RECORDS FOR THIS TASK =>
- - -

(* Let $\mathrm P$ be a probability measure on $\mathbb{R}^d$ having a Lebesgue density, and let $\varphi$ be as in the context. For every $\mathbf u\in\mathbb S_{d-1}$, every sequence of reals $t_n\to\infty$, and every choice $\mathbf y_n\in\partial\varphi(t_n\mathbf u)$, we have $\lim_{n\to\infty}\mathbf y_n=\mathbf u$.
   Context: $\mathbb{B}_d$ is the open unit ball of $\mathbb{R}^d$ and $\mathbb S_{d-1}$ the unit sphere. $\mathrm U_d$ is the spherical uniform distribution on $\mathbb B_d$ (density $u_d(\mathbf x)=\frac{1}{a_d|\mathbf x|^{d-1}}$ on $\mathbb B_d\setminus\{\mathbf 0\}$, $a_d=2\pi^{d/2}/\Gamma(d/2)$). $\psi$ is the convex lsc function on $\mathbb B_d$, normalized by $\psi(\mathbf 0)=0$, whose a.e. gradient pushes $\mathrm U_d$ forward to $\mathrm P$ (McCann), extended by $+\infty$ outside $\bar{\mathbb B}_d$, and $\varphi(\mathbf x)=\sup_{\mathbf u\in\mathbb B_d}(\langle\mathbf u,\mathbf x\rangle-\psi(\mathbf u))$, $\mathbf x\in\mathbb{R}^d$, a convex function with $\nabla\varphi\sharp\mathrm P=\mathrm U_d$. $\partial\varphi$ is the subdifferential. *)

theory Defs
  imports "HOL-Probability.Probability"
begin

definition sphere_area :: "nat \<Rightarrow> real" where
  "sphere_area d = 2 * pi powr (real d / 2) / Gamma (real d / 2)"

definition spherical_uniform :: "'a::euclidean_space measure" where
  "spherical_uniform = density lborel
     (\<lambda>x. ennreal (indicator (ball 0 1 - {0}) x /
                    (sphere_area DIM('a) * norm x ^ (DIM('a) - 1))))"

definition subdiff :: "('a::real_inner \<Rightarrow> real) \<Rightarrow> 'a \<Rightarrow> 'a set" where
  "subdiff f x = {y. \<forall>z. f z \<ge> f x + y \<bullet> (z - x)}"

definition conj_ball :: "('a::real_inner \<Rightarrow> real) \<Rightarrow> 'a \<Rightarrow> real" where
  "conj_ball \<psi> x = (SUP u\<in>ball 0 1. u \<bullet> x - \<psi> u)"

definition lsc_on :: "'a::topological_space set \<Rightarrow> ('a \<Rightarrow> real) \<Rightarrow> bool" where
  "lsc_on S f \<longleftrightarrow> (\<forall>x\<in>S. \<forall>e>0. eventually (\<lambda>z. f z > f x - e) (at x within S))"

end

theory Submission
  imports Defs
begin

text \<open>Only the convexity of \<open>\<psi>\<close> matters. It makes \<open>\<psi>\<close> bounded below on the ball, so
  \<open>\<phi> = conj_ball \<psi>\<close> is a finite supremum of affine functions with slopes in the unit ball;
  hence \<open>\<phi>\<close> is 1-Lipschitz and its subgradients lie in the closed unit ball. Testing the
  subgradient inequality at \<open>0\<close> and comparing \<open>\<phi>(t u)\<close> with the affine minorant of slope
  \<open>(1 - \<epsilon>) u\<close> gives \<open>y \<bullet> u \<ge> 1 - \<epsilon> - O(1/t)\<close>, and a unit-ball vector whose inner
  product with the unit vector \<open>u\<close> tends to \<open>1\<close> must tend to \<open>u\<close>.\<close>

lemma convex_on_ball_bdd_below:
  fixes f :: "'a::euclidean_space \<Rightarrow> real"
  assumes convex: "convex_on (ball a r) f"
  shows "bdd_below (f ` ball a r)"
proof (cases "r > 0")
  case False
  then show ?thesis by (simp add: Elementary_Metric_Spaces.ball_empty)
next
  case True
  have "isCont f a"
    using convex_on_continuous[OF open_ball convex] True
    by (simp add: continuous_on_eq_continuous_at)
  then obtain \<delta> where \<delta>: "\<delta> > 0" "\<And>z. dist z a < \<delta> \<Longrightarrow> f z < f a + 1"
    by (metis continuous_at_eps_delta dist_real_def abs_less_iff zero_less_one add.commute
        diff_less_eq)
  define c where "c = min 1 (\<delta> / r)"
  have c: "c > 0" "c \<le> 1" "c * r \<le> \<delta>"
    using \<delta> True by (auto simp: c_def min_def field_simps)
  have "f a - 1 / c \<le> f v" if v: "v \<in> ball a r" for v
  proof -
    \<comment> \<open>\<open>a\<close> is a convex combination of \<open>v\<close> and its reflection \<open>w\<close> shrunk towards \<open>a\<close>\<close>
    define w where "w = a - c *\<^sub>R (v - a)"
    have dist_wa: "dist w a < c * r"
      using v c by (simp add: w_def dist_norm norm_minus_commute)
    moreover have "c * r \<le> r" using c True by (simp add: mult_left_le_one_le)
    ultimately have w: "w \<in> ball a r" by (simp add: dist_commute)
    have "f w < f a + 1" using dist_wa c(3) by (intro \<delta>(2)) linarith
    define s where "s = 1 / (1 + c)"
    have s: "0 \<le> s" "s \<le> 1" "1 - s = s * c" using c by (auto simp: s_def field_simps)
    have "(1 - s) *\<^sub>R v + s *\<^sub>R w = a + ((1 - s) - s * c) *\<^sub>R (v - a)"
      unfolding w_def by (simp add: algebra_simps)
    then have "(1 - s) *\<^sub>R v + s *\<^sub>R w = a" by (simp add: s(3))
    with convex_onD[OF convex s(1,2) v w]
    have "f a \<le> s * c * f v + s * f w" by (simp add: s(3))
    then have "(1 + c) * f a \<le> (1 + c) * (s * c * f v + s * f w)"
      using c by (intro mult_left_mono) auto
    also have "\<dots> = (s * (1 + c)) * (c * f v + f w)" by (simp add: algebra_simps)
    also have "\<dots> = c * f v + f w" using c by (simp add: s_def)
    finally have "(1 + c) * f a \<le> c * f v + f w" .
    with \<open>f w < f a + 1\<close> c show ?thesis by (simp add: field_simps)
  qed
  then show ?thesis by (intro bdd_belowI2)
qed

lemma conj_ball_ge:
  fixes \<psi> :: "'a::real_inner \<Rightarrow> real"
  assumes "bdd_below (\<psi> ` ball 0 1)" and "v \<in> ball 0 1"
  shows "v \<bullet> x - \<psi> v \<le> conj_ball \<psi> x"
proof -
  obtain L where L: "\<And>w. w \<in> ball 0 1 \<Longrightarrow> L \<le> \<psi> w"
    using assms(1) by (metis bdd_below.E imageI)
  have "w \<bullet> x - \<psi> w \<le> norm x - L" if "w \<in> ball 0 1" for w
  proof -
    have "w \<bullet> x \<le> norm w * norm x" by (rule norm_cauchy_schwarz)
    also have "\<dots> \<le> norm x" using that by (simp add: mult_left_le_one_le)
    finally show ?thesis using L[OF that] by linarith
  qed
  then have "bdd_above ((\<lambda>w. w \<bullet> x - \<psi> w) ` ball 0 1)"
    by (intro bdd_aboveI2)
  then show ?thesis
    unfolding conj_ball_def by (rule cSUP_upper[OF assms(2)])
qed

lemma conj_ball_le:
  fixes \<psi> :: "'a::real_inner \<Rightarrow> real"
  assumes "\<And>v. v \<in> ball 0 1 \<Longrightarrow> v \<bullet> x - \<psi> v \<le> B"
  shows "conj_ball \<psi> x \<le> B"
  unfolding conj_ball_def by (rule cSUP_least) (auto intro: assms)

lemma conj_ball_le_dist:
  fixes \<psi> :: "'a::real_inner \<Rightarrow> real"
  assumes "bdd_below (\<psi> ` ball 0 1)"
  shows "conj_ball \<psi> z \<le> conj_ball \<psi> x + norm (z - x)"
proof (rule conj_ball_le)
  fix v :: 'a assume v: "v \<in> ball 0 1"
  have "v \<bullet> (z - x) \<le> norm v * norm (z - x)" by (rule norm_cauchy_schwarz)
  also have "\<dots> \<le> norm (z - x)" using v by (simp add: mult_left_le_one_le)
  finally show "v \<bullet> z - \<psi> v \<le> conj_ball \<psi> x + norm (z - x)"
    using conj_ball_ge[OF assms v, of x] by (simp add: inner_diff_right)
qed

lemma subdiff_norm_le_one:
  fixes f :: "'a::real_inner \<Rightarrow> real"
  assumes lip: "\<And>z. f z \<le> f x + norm (z - x)" and y: "y \<in> subdiff f x"
  shows "norm y \<le> 1"
proof -
  have "f x + y \<bullet> ((x + y) - x) \<le> f (x + y)"
    using y unfolding subdiff_def by blast
  with lip[of "x + y"] have "y \<bullet> y \<le> norm y" by simp
  then have "norm y * norm y \<le> norm y * 1"
    by (simp add: power2_norm_eq_inner[symmetric] power2_eq_square)
  then show ?thesis
    by (metis mult_le_cancel_left_pos mult_zero_left norm_ge_zero order_le_less zero_le_one)
qed

lemma subdiff_conj_ball_inner_ge:
  fixes \<psi> :: "'a::real_inner \<Rightarrow> real"
  assumes "bdd_below (\<psi> ` ball 0 1)" and v: "v \<in> ball 0 1" and s: "s > 0"
    and y: "y \<in> subdiff (conj_ball \<psi>) (s *\<^sub>R u)"
  shows "v \<bullet> u - (\<psi> v + conj_ball \<psi> 0) / s \<le> y \<bullet> u"
proof -
  have "conj_ball \<psi> (s *\<^sub>R u) + y \<bullet> (0 - s *\<^sub>R u) \<le> conj_ball \<psi> 0"
    using y unfolding subdiff_def by blast
  then have "conj_ball \<psi> (s *\<^sub>R u) - s * (y \<bullet> u) \<le> conj_ball \<psi> 0" by simp
  moreover have "s * (v \<bullet> u) - \<psi> v \<le> conj_ball \<psi> (s *\<^sub>R u)"
    using conj_ball_ge[OF assms(1) v, of "s *\<^sub>R u"] by simp
  ultimately have "s * (v \<bullet> u) - (\<psi> v + conj_ball \<psi> 0) \<le> s * (y \<bullet> u)" by linarith
  with s show ?thesis by (simp add: field_simps)
qed

lemma tendsto_of_inner_tendsto_one:
  fixes y :: "nat \<Rightarrow> 'a::real_inner"
  assumes u: "norm u = 1" and y: "\<And>n. norm (y n) \<le> 1"
    and lim: "(\<lambda>n. y n \<bullet> u) \<longlonglongrightarrow> 1"
  shows "y \<longlonglongrightarrow> u"
proof -
  have bound: "norm (y n - u) \<le> sqrt (2 * (1 - y n \<bullet> u))" for n
  proof -
    have "(norm (y n))\<^sup>2 \<le> 1" using y[of n] by (simp add: power_le_one)
    then have "(norm (y n - u))\<^sup>2 \<le> 2 * (1 - y n \<bullet> u)"
      using dot_norm_neg[of "y n" u] u by simp
    then show ?thesis by (rule real_le_rsqrt)
  qed
  have "(\<lambda>n. sqrt (2 * (1 - y n \<bullet> u))) \<longlonglongrightarrow> sqrt (2 * (1 - 1))"
    by (intro tendsto_real_sqrt tendsto_mult_left tendsto_diff tendsto_const lim)
  then have "(\<lambda>n. sqrt (2 * (1 - y n \<bullet> u))) \<longlonglongrightarrow> 0" by simp
  with bound have "(\<lambda>n. y n - u) \<longlonglongrightarrow> 0"
    by (metis (no_types, lifting) Lim_null_comparison always_eventually)
  then show ?thesis by (rule LIM_zero_cancel)
qed

lemma subdiff_conj_ball_tendsto_direction:
  fixes \<psi> :: "'a::real_inner \<Rightarrow> real"
  assumes bdd: "bdd_below (\<psi> ` ball 0 1)" and u: "norm u = 1"
    and t: "filterlim t at_top sequentially"
    and y: "\<And>n. y n \<in> subdiff (conj_ball \<psi>) (t n *\<^sub>R u)"
  shows "y \<longlonglongrightarrow> u"
proof (rule tendsto_of_inner_tendsto_one[OF u])
  show y_le: "norm (y n) \<le> 1" for n
    using subdiff_norm_le_one[OF conj_ball_le_dist[OF bdd] y] .
  show "(\<lambda>n. y n \<bullet> u) \<longlonglongrightarrow> 1"
  proof (rule tendstoI)
    fix e :: real assume e: "e > 0"
    define \<epsilon> where "\<epsilon> = min (1/2) (e/2)"
    have \<epsilon>: "0 < \<epsilon>" "\<epsilon> \<le> 1/2" "\<epsilon> \<le> e/2" using e by (auto simp: \<epsilon>_def)
    define v where "v = (1 - \<epsilon>) *\<^sub>R u"
    have v: "v \<in> ball 0 1" and vu: "v \<bullet> u = 1 - \<epsilon>"
      using \<epsilon> u by (auto simp: v_def power2_norm_eq_inner[symmetric])
    define C where "C = \<psi> v + conj_ball \<psi> 0"
    have "(\<lambda>n. C / t n) \<longlonglongrightarrow> 0"
      by (rule tendsto_divide_0[OF tendsto_const filterlim_at_top_imp_at_infinity[OF t]])
    from tendstoD[OF this \<epsilon>(1)]
    have "eventually (\<lambda>n. \<bar>C / t n\<bar> < \<epsilon>) sequentially" by (simp add: dist_real_def)
    moreover have "eventually (\<lambda>n. t n > 0) sequentially"
      using t unfolding filterlim_at_top_dense by blast
    ultimately show "eventually (\<lambda>n. dist (y n \<bullet> u) 1 < e) sequentially"
    proof eventually_elim
      case (elim n)
      have "1 - \<epsilon> - C / t n \<le> y n \<bullet> u"
        using subdiff_conj_ball_inner_ge[OF bdd v _ y, of n] elim vu by (simp add: C_def)
      moreover have "y n \<bullet> u \<le> 1"
        using norm_cauchy_schwarz[of "y n" u] y_le[of n] u by simp
      ultimately show ?case
        using elim \<epsilon> unfolding dist_real_def abs_less_iff by linarith
    qed
  qed
qed

theorem proposition3p1:
  fixes P :: "'a::euclidean_space measure"
    and \<psi> :: "'a \<Rightarrow> real"
    and G :: "'a \<Rightarrow> 'a"
  assumes P_prob: "prob_space P"
    and P_dens: "\<exists>f\<in>borel_measurable lborel. P = density lborel f"
    and psi_convex: "convex_on (ball 0 1) \<psi>"
    and psi_lsc: "lsc_on (ball 0 1) \<psi>"
    and psi_0: "\<psi> 0 = 0"
    and G_grad: "AE x in spherical_uniform. (\<psi> has_derivative (\<lambda>h. G x \<bullet> h)) (at x)"
    and G_meas: "G \<in> borel_measurable spherical_uniform"
    and push: "distr spherical_uniform borel G = P"
    and u: "u \<in> sphere 0 1"
    and t: "filterlim t at_top sequentially"
    and y: "\<And>n. y n \<in> subdiff (conj_ball \<psi>) (t n *\<^sub>R u)"
  shows "y \<longlonglongrightarrow> u"
  using subdiff_conj_ball_tendsto_direction[OF convex_on_ball_bdd_below[OF psi_convex] _ t y] u
  by simp

end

- - -

WHAT THE TASK REQUIRES => Your answer must be the lines above from the one containing "then obtain \<delta>" to the one containing "using \<delta> True", both included, restated word for word.

REPLY =>
  then obtain \<delta> where \<delta>: "\<delta> > 0" "\<And>z. dist z a < \<delta> \<Longrightarrow> f z < f a + 1"
    by (metis continuous_at_eps_delta dist_real_def abs_less_iff zero_less_one add.commute
        diff_less_eq)
  define c where "c = min 1 (\<delta> / r)"
  have c: "c > 0" "c \<le> 1" "c * r \<le> \<delta>"
    using \<delta> True by (auto simp: c_def min_def field_simps)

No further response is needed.